Beberapa saat kemudian ia memukul pintu Fatimah dengan
keras.
“Fatimah! Ini Umar!”
“Umar? Engkau wahai saudaraku?” Pintu tersebut terbuka kemudian terlihat wajah Fatimah yang ketakutan.
“Aku mendengar ada seseorang yang membacakan sesuatu untuk kalian!”
“Demi Allah engkau tidak mendengar kecuali percakapan kami berdua.” Jawab Fatimah.
“Aku juga mendengar bahwa kalian telah berkhianat dan mengikuti agama Muhammad. Jangan bohong padaku!” Bentaknya.
“Ya Umar apa pendapatmu jika ada agama yang lebih baik darimu?” Said menjawab dengan sebuah pertanyaan.
“Jadi kau telah melakukannya!”
Umar seketika menyerang Said. Fatimah berusaha
melindungi sang suami. Celakanya tangan Umar mengenai wajah Fatimah hingga
wanita itu tersungkur hingga bibirnya berdarah. Masih belum tersentuh hatinya,
Umar terus menyerang Said. Hingga akhirnya Fatimah mendekat, dengan mantap ia
berucap dengan jelas “Kau musuh Allah. Apa kau akan memukuliku dan suamiku
karena kami percaya pada ke-Esaan Allah? Lakukan lah semaumu! Tak ada yang
berhak disembah kecuali Allah, dan Muhammad adalah utusan-Nya. Ya kami telah
menerima Islam meski kau tidak menyukainya!”
Saat itulah kemarahan Umar melemah.

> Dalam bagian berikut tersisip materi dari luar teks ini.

lemma ultrametric_right: "is_ultrametric_on (Tplus n) (\<lambda>A A'. N (mmul n A (minv n A')))"
  unfolding is_ultrametric_on_def
proof (intro conjI ballI)
  fix x y z :: "nat \<Rightarrow> nat \<Rightarrow> 'a" assume x: "x \<in> Tplus n" and y: "y \<in> Tplus n" and z: "z \<in> Tplus n"
  have "mmul n x (minv n z) = mmul n (mmul n x (minv n y)) (mmul n y (minv n z))"
    using x y z by (simp add: mmul_assoc)
  then show "N (mmul n x (minv n z)) \<le> max (N (mmul n x (minv n y))) (N (mmul n y (minv n z)))"
    using Nnorm_mmul_le[of "mmul n x (minv n y)" "mmul n y (minv n z)"] x y z
    by (simp add: mmul_Tplus)
next
  fix x y :: "nat \<Rightarrow> nat \<Rightarrow> 'a" assume x: "x \<in> Tplus n" and y: "y \<in> Tplus n"
  show "0 \<le> N (mmul n x (minv n y))"
    by (rule Nnorm_nonneg)
  show "N (mmul n x (minv n y)) = 0 \<longleftrightarrow> x = y"
    using x y by (simp add: Nnorm_eq_0_iff mmul_Tplus mmul_minv_eq_idm_iff)
  show "N (mmul n x (minv n y)) = N (mmul n y (minv n x))"
    using x y by (rule Nnorm_mmul_minv_commute)
qed

end
(* In the whitened Gaussian spiked model (context), condition on the event $\mathcal{E}$. Let $S_{\mathbf{v}}^{(t)}\subset[n]$ with $|S_{\mathbf{v}}^{(t)}|\le k_{\mathbf{v}}$, let $\hat{\mathbf{v}}^{(t)}$ be a unit vector supported on $S_{\mathbf{v}}^{(t)}$, let $\mathbf{r}_{\mathbf{u}}=\widehat{\boldsymbol{\Sigma}}_{xy}\hat{\mathbf{v}}^{(t)}$, and let $S_{\mathbf{u}}^{(t+1)}$ be the index set of the $p$ largest entries of $|\mathbf{r}_{\mathbf{u}}|$, where $p\le k_{\mathbf{u}}$. Then, for a constant $C>0$ determined by the constants of the event $\mathcal{E}$, $$\|\mathbf{u}_{S_{\mathbf{u}}^{(t+1)}}\|_2\ge\sqrt{\frac{1}{s_{\mathbf{u}}(|S_{\mathbf{u}}^{(t+1)}|)}}-\frac{2C(1+\rho)}{\rho|\langle\mathbf{v},\hat{\mathbf{v}}^{(t)}\rangle|}\sqrt{\frac{(|S_{\mathbf{u}}^{(t+1)}|+|S_{\mathbf{v}}^{(t)}|)\log n}{m}}.$$ Symmetrically, if $\hat{\mathbf{u}}^{(t)}$ is a unit vector supported on $S_{\mathbf{u}}^{(t)}$ with $|S_{\mathbf{u}}^{(t)}|\le k_{\mathbf{u}}$, $\mathbf{r}_{\mathbf{v}}=\widehat{\boldsymbol{\Sigma}}_{xy}^\top\hat{\mathbf{u}}^{(t)}$, and $S_{\mathbf{v}}^{(t+1)}$ is the index set of the $q\le k_{\mathbf{v}}$ largest entries of $|\mathbf{r}_{\mathbf{v}}|$, then $$\|\mathbf{v}_{S_{\mathbf{v}}^{(t+1)}}\|_2\ge\sqrt{\frac{1}{s_{\mathbf{v}}(|S_{\mathbf{v}}^{(t+1)}|)}}-\frac{2C(1+\rho)}{\rho|\langle\mathbf{u},\hat{\mathbf{u}}^{(t)}\rangle|}\sqrt{\frac{(|S_{\mathbf{u}}^{(t)}|+|S_{\mathbf{v}}^{(t+1)}|)\log n}{m}}.$$
   Context: Model: $m$ i.i.d. samples $(\mathbf{x}_i,\mathbf{y}_i)$ from a zero-mean jointly Gaussian law on $\mathbb{R}^n\times\mathbb{R}^n$ with $\boldsymbol{\Sigma}_{xx}=\boldsymbol{\Sigma}_{yy}=\mathbf{I}_n$, $\boldsymbol{\Sigma}_{xy}=\rho\mathbf{u}\mathbf{v}^\top$, $\rho\in(0,1)$, $\|\mathbf{u}\|_2=\|\mathbf{v}\|_2=1$, $\|\mathbf{u}\|_0\le k_{\mathbf{u}}$, $\|\mathbf{v}\|_0\le k_{\mathbf{v}}$. $\widehat{\boldsymbol{\Sigma}}_{xy}=\frac1m\sum_i\mathbf{x}_i\mathbf{y}_i^\top$, $\mathbf{W}=\widehat{\boldsymbol{\Sigma}}_{xy}-\rho\mathbf{u}\mathbf{v}^\top$. Event $\mathcal{E}$: for all $S_1,S_2\subset[n]$ with $|S_1|\le k_{\mathbf{u}}$, $|S_2|\le k_{\mathbf{v}}$, $\|\mathbf{W}_{S_1,S_2}\|_2\le C'\sqrt{((|S_1|+|S_2|)\log n+c'\log n)/m}$ for fixed constants $C',c'>0$ (submatrix, spectral norm). $\mathbf{x}_S$ is the subvector on $S$. Structure functions: $s_{\mathbf{u}}(p)=(\sum_{i=1}^pu_{(i)}^2)^{-1}$, $s_{\mathbf{v}}(q)=(\sum_{j=1}^qv_{(j)}^2)^{-1}$, where $u_{(i)}$ is the $i$-th largest entry of $\mathbf{u}$ in absolute value. *)

theory Defs
  imports Complex_Main
begin

text \<open>Vectors in R^n are functions nat => real, indexed by {..<n}; matrices are
  nat => nat => real indexed by {..<n} x {..<n}.\<close>

definition supported_in :: "nat set \<Rightarrow> (nat \<Rightarrow> real) \<Rightarrow> bool" where
  "supported_in S x \<longleftrightarrow> (\<forall>i. i \<notin> S \<longrightarrow> x i = 0)"

definition sub_norm :: "nat set \<Rightarrow> (nat \<Rightarrow> real) \<Rightarrow> real" where
  "sub_norm S x = sqrt (\<Sum>i\<in>S. (x i)\<^sup>2)"

definition l0 :: "nat \<Rightarrow> (nat \<Rightarrow> real) \<Rightarrow> nat" where
  "l0 n x = card {i\<in>{..<n}. x i \<noteq> 0}"

definition inner_n :: "nat \<Rightarrow> (nat \<Rightarrow> real) \<Rightarrow> (nat \<Rightarrow> real) \<Rightarrow> real" where
  "inner_n n x y = (\<Sum>i<n. x i * y i)"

Ia meninggalkan Said,
kemudian ingin menghapus darah di bibir Fatimah, tapi adiknya itu justru memalingkan
wajah dan berkata, “Jauhkan tanganmu dariku.”
“Jadi itu yang kalian baca tadi?” Umar melihat lembaran kulit unta yang semua disembunyikan Fatimah.
Tahu sang kakak akan segera mengambil lembaran yang
menyembul tersebut, dengan cepat Fatimah menggenggamnya.
“Berikan padaku untuk kubaca.” Umar mengulurkan tangannya.
“Tidak akan.”
“Dengar. Aku mendengar bacaan itu dengan hatiku.”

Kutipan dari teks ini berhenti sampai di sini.